### Brief
Of all the lines below, return only those starting with the line holding "(\<forall>u\<in>E. \<forall>w\<in>E. \<rho> u u" and going on through the line holding "x \<longleftrightarrow> (\<exists>L.", exactly as written.

### Given records
(* Let $(E,\rho)$ be a complete partial $v$-generalized metric space and let $S:E\to E$ satisfy $\rho(Su,Sw)\le\lambda[\rho(u,Su)+\rho(w,Sw)]$ for all $u,w\in E$, where $\lambda\in[0,\tfrac12)$. Then $S$ has a unique fixed point $b\in E$, and $\rho(b,b)=0$.
   Context: Let $E$ be a nonempty set and $v\in\mathbb{N}$. $(E,\rho)$, with $\rho:E\times E\to[0,\infty)$, is a partial $v$-generalized metric space if for all $u,w,z_1,\dots,z_v\in E$: (1) $u=w$ iff $\rho(u,u)=\rho(u,w)=\rho(w,w)$; (2) $\rho(u,u)\le\rho(u,w)$; (3) $\rho(u,w)=\rho(w,u)$; (4) $\rho(u,w)\le\rho(u,z_1)+\rho(z_1,z_2)+\dots+\rho(z_{v-1},z_v)+\rho(z_v,w)-\sum_{i=1}^v\rho(z_i,z_i)$. A sequence $\{u_n\}$ in $E$ converges to $u\in E$ if $\lim_{n\to\infty}\rho(u_n,u)=\rho(u,u)$; it is Cauchy if $\lim_{n,m\to\infty}\rho(u_n,u_m)$ exists and is finite. $(E,\rho)$ is complete if for every Cauchy sequence $\{u_n\}$ there is $u\in E$ with $\lim_{n,m\to\infty}\rho(u_n,u_m)=\lim_{n\to\infty}\rho(u_n,u)=\rho(u,u)$. *)

theory Defs
  imports Complex_Main
begin

text \<open>The intermediate points
  z_1,...,z_v are given as a function z on indices 1..v (with z 0 = u, z (v+1) = w
  implicitly via the explicit end terms).\<close>

definition partial_v_gen_metric :: "nat \<Rightarrow> 'a set \<Rightarrow> ('a \<Rightarrow> 'a \<Rightarrow> real) \<Rightarrow> bool" where
  "partial_v_gen_metric v E \<rho> \<longleftrightarrow>
     E \<noteq> {} \<and> v \<ge> 1 \<and>
     (\<forall>u\<in>E. \<forall>w\<in>E. \<rho> u w \<ge> 0) \<and>
     (\<forall>u\<in>E. \<forall>w\<in>E. u = w \<longleftrightarrow> (\<rho> u u = \<rho> u w \<and> \<rho> u w = \<rho> w w)) \<and>
     (\<forall>u\<in>E. \<forall>w\<in>E. \<rho> u u \<le> \<rho> u w) \<and>
     (\<forall>u\<in>E. \<forall>w\<in>E. \<rho> u w = \<rho> w u) \<and>
     (\<forall>u\<in>E. \<forall>w\<in>E. \<forall>z. (\<forall>i\<in>{1..v}. z i \<in> E) \<longrightarrow>
        \<rho> u w \<le> \<rho> u (z 1) + (\<Sum>i=1..<v. \<rho> (z i) (z (Suc i))) + \<rho> (z v) w
                  - (\<Sum>i=1..v. \<rho> (z i) (z i)))"

definition pvgm_converges :: "('a \<Rightarrow> 'a \<Rightarrow> real) \<Rightarrow> (nat \<Rightarrow> 'a) \<Rightarrow> 'a \<Rightarrow> bool" where
  "pvgm_converges \<rho> x u \<longleftrightarrow> (\<lambda>n. \<rho> (x n) u) \<longlonglongrightarrow> \<rho> u u"

definition pvgm_double_lim :: "('a \<Rightarrow> 'a \<Rightarrow> real) \<Rightarrow> (nat \<Rightarrow> 'a) \<Rightarrow> real \<Rightarrow> bool" where
  "pvgm_double_lim \<rho> x L \<longleftrightarrow>
     ((\<lambda>(n, m). \<rho> (x n) (x m)) \<longlongrightarrow> L) (sequentially \<times>\<^sub>F sequentially)"

definition pvgm_cauchy :: "('a \<Rightarrow> 'a \<Rightarrow> real) \<Rightarrow> (nat \<Rightarrow> 'a) \<Rightarrow> bool" where
  "pvgm_cauchy \<rho> x \<longleftrightarrow> (\<exists>L. pvgm_double_lim \<rho> x L)"

definition pvgm_complete :: "'a set \<Rightarrow> ('a \<Rightarrow> 'a \<Rightarrow> real) \<Rightarrow> bool" where
  "pvgm_complete E \<rho> \<longleftrightarrow>
     (\<forall>x. (\<forall>n. x n \<in> E) \<longrightarrow> pvgm_cauchy \<rho> x \<longrightarrow>
        (\<exists>u\<in>E. pvgm_double_lim \<rho> x (\<rho> u u) \<and> pvgm_converges \<rho> x u))"

end

theory Submission
  imports Defs
begin

text \<open>Along an orbit the successive distances \<open>d\<^sub>n\<close> satisfy
  \<open>d\<^sub>n\<^sub>+\<^sub>1 \<le> \<lambda>(d\<^sub>n + d\<^sub>n\<^sub>+\<^sub>1)\<close>, i.e. \<open>d\<^sub>n\<^sub>+\<^sub>1 \<le> \<lambda>/(1-\<lambda>) d\<^sub>n\<close> with ratio \<open>< 1\<close>, so \<open>d\<^sub>n \<rightarrow> 0\<close>.
  The contractive condition bounds \<open>\<rho>(Sx\<^sub>n, Sx\<^sub>m)\<close> by \<open>\<lambda>(d\<^sub>n + d\<^sub>m)\<close>, so the orbit is Cauchy
  with double limit 0, and completeness yields a limit \<open>u\<close> with \<open>\<rho>(u,u) = 0\<close>. Choosing all
  \<open>v\<close> intermediate points equal turns the \<open>v\<close>-fold inequality into an ordinary triangle
  inequality; through \<open>Sx\<^sub>n\<close> it gives \<open>(1-\<lambda>)\<rho>(u,Su) \<le> \<rho>(u,Sx\<^sub>n) + \<lambda>d\<^sub>n \<rightarrow> 0\<close>, so \<open>Su = u\<close>.
  A fixed point \<open>b\<close> has \<open>\<rho>(b,b) \<le> 2\<lambda>\<rho>(b,b)\<close>, hence \<open>\<rho>(b,b) = 0\<close>, and two fixed points \<open>b, c\<close>
  have \<open>\<rho>(b,c) \<le> \<lambda>(\<rho>(b,b) + \<rho>(c,c)) = 0\<close>.\<close>

lemma
  assumes "partial_v_gen_metric v E \<rho>" "u \<in> E" "w \<in> E"
  shows partial_v_gen_metric_nonneg: "0 \<le> \<rho> u w"
    and partial_v_gen_metric_self_le: "\<rho> u u \<le> \<rho> u w"
    and partial_v_gen_metric_sym: "\<rho> u w = \<rho> w u"
  using assms unfolding partial_v_gen_metric_def by blast+

lemma partial_v_gen_metric_zero_imp_eq:
  assumes metric: "partial_v_gen_metric v E \<rho>" and "u \<in> E" "w \<in> E" "\<rho> u w = 0"
  shows "u = w"
proof -
  have "\<rho> u u = 0" "\<rho> w w = 0"
    using assms partial_v_gen_metric_nonneg[OF metric] partial_v_gen_metric_self_le[OF metric]
      partial_v_gen_metric_sym[OF metric]
    by (metis order_antisym)+
  then show ?thesis
    using assms unfolding partial_v_gen_metric_def by auto
qed

lemma partial_v_gen_metric_triangle:
  assumes metric: "partial_v_gen_metric v E \<rho>" and "u \<in> E" "w \<in> E" "c \<in> E"
  shows "\<rho> u w \<le> \<rho> u c + \<rho> c w - \<rho> c c"
proof -
  have "v \<ge> 1"
    using metric unfolding partial_v_gen_metric_def by blast
  have "\<forall>z. (\<forall>i\<in>{1..v}. z i \<in> E) \<longrightarrow>
      \<rho> u w \<le> \<rho> u (z 1) + (\<Sum>i=1..<v. \<rho> (z i) (z (Suc i))) + \<rho> (z v) w
                - (\<Sum>i=1..v. \<rho> (z i) (z i))"
    using metric assms(2,3) unfolding partial_v_gen_metric_def by blast
  from this[rule_format, of "\<lambda>_. c"] \<open>c \<in> E\<close> \<open>v \<ge> 1\<close> show ?thesis
    by (simp add: algebra_simps)
qed

lemma ratio_bound_tendsto_zero:
  fixes d :: "nat \<Rightarrow> real"
  assumes "\<And>n. 0 \<le> d n" "\<And>n. d (Suc n) \<le> k * d n" "k < 1"
  shows "d \<longlonglongrightarrow> 0"
  using assms by (intro summable_LIMSEQ_zero summable_ratio_test[of k 0]) auto

lemma pvgm_double_lim_zeroI:
  assumes "\<And>n m. 0 \<le> \<rho> (x n) (x m)" "\<And>n m. \<rho> (x n) (x m) \<le> e n + e m"
    and "e \<longlonglongrightarrow> 0"
  shows "pvgm_double_lim \<rho> x 0"
  unfolding pvgm_double_lim_def
proof (rule tendsto_sandwich[where f = "\<lambda>_. 0" and h = "\<lambda>p. e (fst p) + e (snd p)"])
  have "((\<lambda>p. e (fst p)) \<longlongrightarrow> 0) (sequentially \<times>\<^sub>F sequentially)"
    "((\<lambda>p. e (snd p)) \<longlongrightarrow> 0) (sequentially \<times>\<^sub>F sequentially)"
    using filterlim_compose[OF \<open>e \<longlonglongrightarrow> 0\<close>]
      filtermap_fst_prod_filter filtermap_snd_prod_filter unfolding filterlim_def by blast+
  from tendsto_add[OF this]
  show "((\<lambda>p. e (fst p) + e (snd p)) \<longlongrightarrow> 0) (sequentially \<times>\<^sub>F sequentially)"
    by simp
qed (use assms in \<open>auto simp: split_beta\<close>)

locale kannan_map =
  fixes v :: nat and E :: "'a set" and \<rho> :: "'a \<Rightarrow> 'a \<Rightarrow> real"
    and S :: "'a \<Rightarrow> 'a" and lam :: real
  assumes metric: "partial_v_gen_metric v E \<rho>"
    and maps_into: "\<And>u. u \<in> E \<Longrightarrow> S u \<in> E"
    and lam_less_half: "lam < 1/2"
    and kannan: "\<And>u w. u \<in> E \<Longrightarrow> w \<in> E \<Longrightarrow> \<rho> (S u) (S w) \<le> lam * (\<rho> u (S u) + \<rho> w (S w))"
begin

lemma fixed_point_self_dist_zero:
  assumes "b \<in> E" "S b = b"
  shows "\<rho> b b = 0"
proof -
  have "(1 - 2 * lam) * \<rho> b b \<le> 0"
    using kannan[OF \<open>b \<in> E\<close> \<open>b \<in> E\<close>] \<open>S b = b\<close> by (simp add: algebra_simps)
  moreover have "0 \<le> \<rho> b b"
    using partial_v_gen_metric_nonneg[OF metric] \<open>b \<in> E\<close> by blast
  ultimately show ?thesis
    using lam_less_half by (simp add: mult_le_0_iff)
qed

lemma fixed_point_unique:
  assumes "b \<in> E" "S b = b" "c \<in> E" "S c = c"
  shows "b = c"
proof (rule partial_v_gen_metric_zero_imp_eq[OF metric \<open>b \<in> E\<close> \<open>c \<in> E\<close>])
  have "\<rho> b c \<le> lam * (\<rho> b b + \<rho> c c)"
    using kannan[OF \<open>b \<in> E\<close> \<open>c \<in> E\<close>] assms by simp
  then show "\<rho> b c = 0"
    using fixed_point_self_dist_zero assms partial_v_gen_metric_nonneg[OF metric] by force
qed

lemma orbit_in: "x \<in> E \<Longrightarrow> (S ^^ n) x \<in> E"
  by (induction n) (auto simp: maps_into)

lemma orbit_step_tendsto_zero:
  assumes "x \<in> E"
  shows "(\<lambda>n. \<rho> ((S ^^ n) x) ((S ^^ Suc n) x)) \<longlonglongrightarrow> 0"
proof (rule ratio_bound_tendsto_zero)
  define d where "d n = \<rho> ((S ^^ n) x) ((S ^^ Suc n) x)" for n
  show "0 \<le> d n" for n
    unfolding d_def using partial_v_gen_metric_nonneg[OF metric] orbit_in[OF assms] by blast
  show "d (Suc n) \<le> lam / (1 - lam) * d n" for n
  proof -
    have "d (Suc n) \<le> lam * (d n + d (Suc n))"
      using kannan[OF orbit_in[OF assms, of n] orbit_in[OF assms, of "Suc n"]]
      unfolding d_def by simp
    with lam_less_half show ?thesis
      by (simp add: field_simps)
  qed
  show "lam / (1 - lam) < 1"
    using lam_less_half by (simp add: field_simps)
qed

lemma orbit_double_lim_zero:
  assumes "x \<in> E"
  shows "pvgm_double_lim \<rho> (\<lambda>n. (S ^^ Suc n) x) 0"
proof (rule pvgm_double_lim_zeroI)
  show "0 \<le> \<rho> ((S ^^ Suc n) x) ((S ^^ Suc m) x)" for n m
    using partial_v_gen_metric_nonneg[OF metric] orbit_in[OF assms] by blast
  show "\<rho> ((S ^^ Suc n) x) ((S ^^ Suc m) x)
      \<le> lam * \<rho> ((S ^^ n) x) ((S ^^ Suc n) x) + lam * \<rho> ((S ^^ m) x) ((S ^^ Suc m) x)" for n m
    using kannan[OF orbit_in[OF assms, of n] orbit_in[OF assms, of m]] by (simp add: algebra_simps)
  show "(\<lambda>n. lam * \<rho> ((S ^^ n) x) ((S ^^ Suc n) x)) \<longlonglongrightarrow> 0"
    using tendsto_mult_right_zero[OF orbit_step_tendsto_zero[OF assms]] .
qed

lemma orbit_limit_is_fixed_point:
  assumes "x \<in> E" "u \<in> E" "\<rho> u u = 0" and conv: "pvgm_converges \<rho> (\<lambda>n. (S ^^ Suc n) x) u"
  shows "S u = u"
proof -
  define A where "A = \<rho> u (S u)"
  have "(1 - lam) * A \<le> \<rho> u ((S ^^ Suc n) x) + lam * \<rho> ((S ^^ n) x) ((S ^^ Suc n) x)" for n
  proof -
    let ?y = "(S ^^ Suc n) x"
    have "?y \<in> E" "S u \<in> E"
      using orbit_in[OF assms(1)] maps_into[OF \<open>u \<in> E\<close>] by blast+
    then have "A \<le> \<rho> u ?y + \<rho> ?y (S u) - \<rho> ?y ?y" "0 \<le> \<rho> ?y ?y"
      unfolding A_def using partial_v_gen_metric_triangle[OF metric \<open>u \<in> E\<close>]
        partial_v_gen_metric_nonneg[OF metric] by blast+
    moreover have "\<rho> ?y (S u) \<le> lam * (\<rho> ((S ^^ n) x) ?y + A)"
      using kannan[OF orbit_in[OF assms(1)] \<open>u \<in> E\<close>] unfolding A_def by simp
    ultimately show ?thesis
      by (simp add: algebra_simps del: funpow.simps)
  qed
  moreover have "(\<lambda>n. \<rho> u ((S ^^ Suc n) x)) \<longlonglongrightarrow> 0"
    using conv partial_v_gen_metric_sym[OF metric orbit_in[OF assms(1)] \<open>u \<in> E\<close>] \<open>\<rho> u u = 0\<close>
    unfolding pvgm_converges_def by (simp del: funpow.simps)
  then have "(\<lambda>n. \<rho> u ((S ^^ Suc n) x) + lam * \<rho> ((S ^^ n) x) ((S ^^ Suc n) x)) \<longlonglongrightarrow> 0"
    using tendsto_add[OF _ tendsto_mult_right_zero[OF orbit_step_tendsto_zero[OF assms(1)]]] by simp
  ultimately have "(1 - lam) * A \<le> 0"
    by (intro tendsto_le[OF _ _ tendsto_const]) auto
  moreover have "0 \<le> A"
    unfolding A_def using partial_v_gen_metric_nonneg[OF metric] assms(2) maps_into by blast
  ultimately have "A = 0"
    using lam_less_half by (simp add: mult_le_0_iff)
  then have "u = S u"
    using partial_v_gen_metric_zero_imp_eq[OF metric \<open>u \<in> E\<close> maps_into[OF \<open>u \<in> E\<close>]]
    unfolding A_def by blast
  then show ?thesis
    by (rule sym)
qed

lemma fixed_point_exists:
  assumes "pvgm_complete E \<rho>"
  shows "\<exists>b\<in>E. S b = b"
proof -
  obtain x where "x \<in> E"
    using metric unfolding partial_v_gen_metric_def by blast
  have "\<forall>n. (S ^^ Suc n) x \<in> E"
    using orbit_in[OF \<open>x \<in> E\<close>] by blast
  moreover have "pvgm_cauchy \<rho> (\<lambda>n. (S ^^ Suc n) x)"
    unfolding pvgm_cauchy_def using orbit_double_lim_zero[OF \<open>x \<in> E\<close>] by blast
  ultimately have "\<exists>u\<in>E. pvgm_double_lim \<rho> (\<lambda>n. (S ^^ Suc n) x) (\<rho> u u)
      \<and> pvgm_converges \<rho> (\<lambda>n. (S ^^ Suc n) x) u"
    using assms unfolding pvgm_complete_def by (elim allE[of _ "\<lambda>n. (S ^^ Suc n) x"]) simp
  then obtain u where "u \<in> E" and lim: "pvgm_double_lim \<rho> (\<lambda>n. (S ^^ Suc n) x) (\<rho> u u)"
    and conv: "pvgm_converges \<rho> (\<lambda>n. (S ^^ Suc n) x) u"
    by blast
  have "\<rho> u u = 0"
    using tendsto_unique[OF _ lim[unfolded pvgm_double_lim_def]
        orbit_double_lim_zero[OF \<open>x \<in> E\<close>, unfolded pvgm_double_lim_def]]
    by (simp add: prod_filter_eq_bot)
  then have "S u = u"
    using orbit_limit_is_fixed_point[OF \<open>x \<in> E\<close> \<open>u \<in> E\<close> _ conv] by blast
  with \<open>u \<in> E\<close> show ?thesis
    by blast
qed

end

theorem mainTheorem6:
  fixes E :: "'a set" and \<rho> :: "'a \<Rightarrow> 'a \<Rightarrow> real" and v :: nat
    and S :: "'a \<Rightarrow> 'a" and lam :: real
  assumes "partial_v_gen_metric v E \<rho>"
    and "pvgm_complete E \<rho>"
    and "\<forall>u\<in>E. S u \<in> E"
    and "0 \<le> lam" and "lam < 1/2"
    and "\<forall>u\<in>E. \<forall>w\<in>E. \<rho> (S u) (S w) \<le> lam * (\<rho> u (S u) + \<rho> w (S w))"
  shows "(\<exists>!b. b \<in> E \<and> S b = b) \<and> (\<forall>b\<in>E. S b = b \<longrightarrow> \<rho> b b = 0)"
proof -
  interpret kannan_map v E \<rho> S lam
    using assms by unfold_locales auto
  show ?thesis
    using fixed_point_exists[OF assms(2)] fixed_point_unique fixed_point_self_dist_zero by blast
qed

end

### Result of the task
     (\<forall>u\<in>E. \<forall>w\<in>E. \<rho> u u \<le> \<rho> u w) \<and>
     (\<forall>u\<in>E. \<forall>w\<in>E. \<rho> u w = \<rho> w u) \<and>
     (\<forall>u\<in>E. \<forall>w\<in>E. \<forall>z. (\<forall>i\<in>{1..v}. z i \<in> E) \<longrightarrow>
        \<rho> u w \<le> \<rho> u (z 1) + (\<Sum>i=1..<v. \<rho> (z i) (z (Suc i))) + \<rho> (z v) w
                  - (\<Sum>i=1..v. \<rho> (z i) (z i)))"

definition pvgm_converges :: "('a \<Rightarrow> 'a \<Rightarrow> real) \<Rightarrow> (nat \<Rightarrow> 'a) \<Rightarrow> 'a \<Rightarrow> bool" where
  "pvgm_converges \<rho> x u \<longleftrightarrow> (\<lambda>n. \<rho> (x n) u) \<longlonglongrightarrow> \<rho> u u"

definition pvgm_double_lim :: "('a \<Rightarrow> 'a \<Rightarrow> real) \<Rightarrow> (nat \<Rightarrow> 'a) \<Rightarrow> real \<Rightarrow> bool" where
  "pvgm_double_lim \<rho> x L \<longleftrightarrow>
     ((\<lambda>(n, m). \<rho> (x n) (x m)) \<longlongrightarrow> L) (sequentially \<times>\<^sub>F sequentially)"

definition pvgm_cauchy :: "('a \<Rightarrow> 'a \<Rightarrow> real) \<Rightarrow> (nat \<Rightarrow> 'a) \<Rightarrow> bool" where
  "pvgm_cauchy \<rho> x \<longleftrightarrow> (\<exists>L. pvgm_double_lim \<rho> x L)"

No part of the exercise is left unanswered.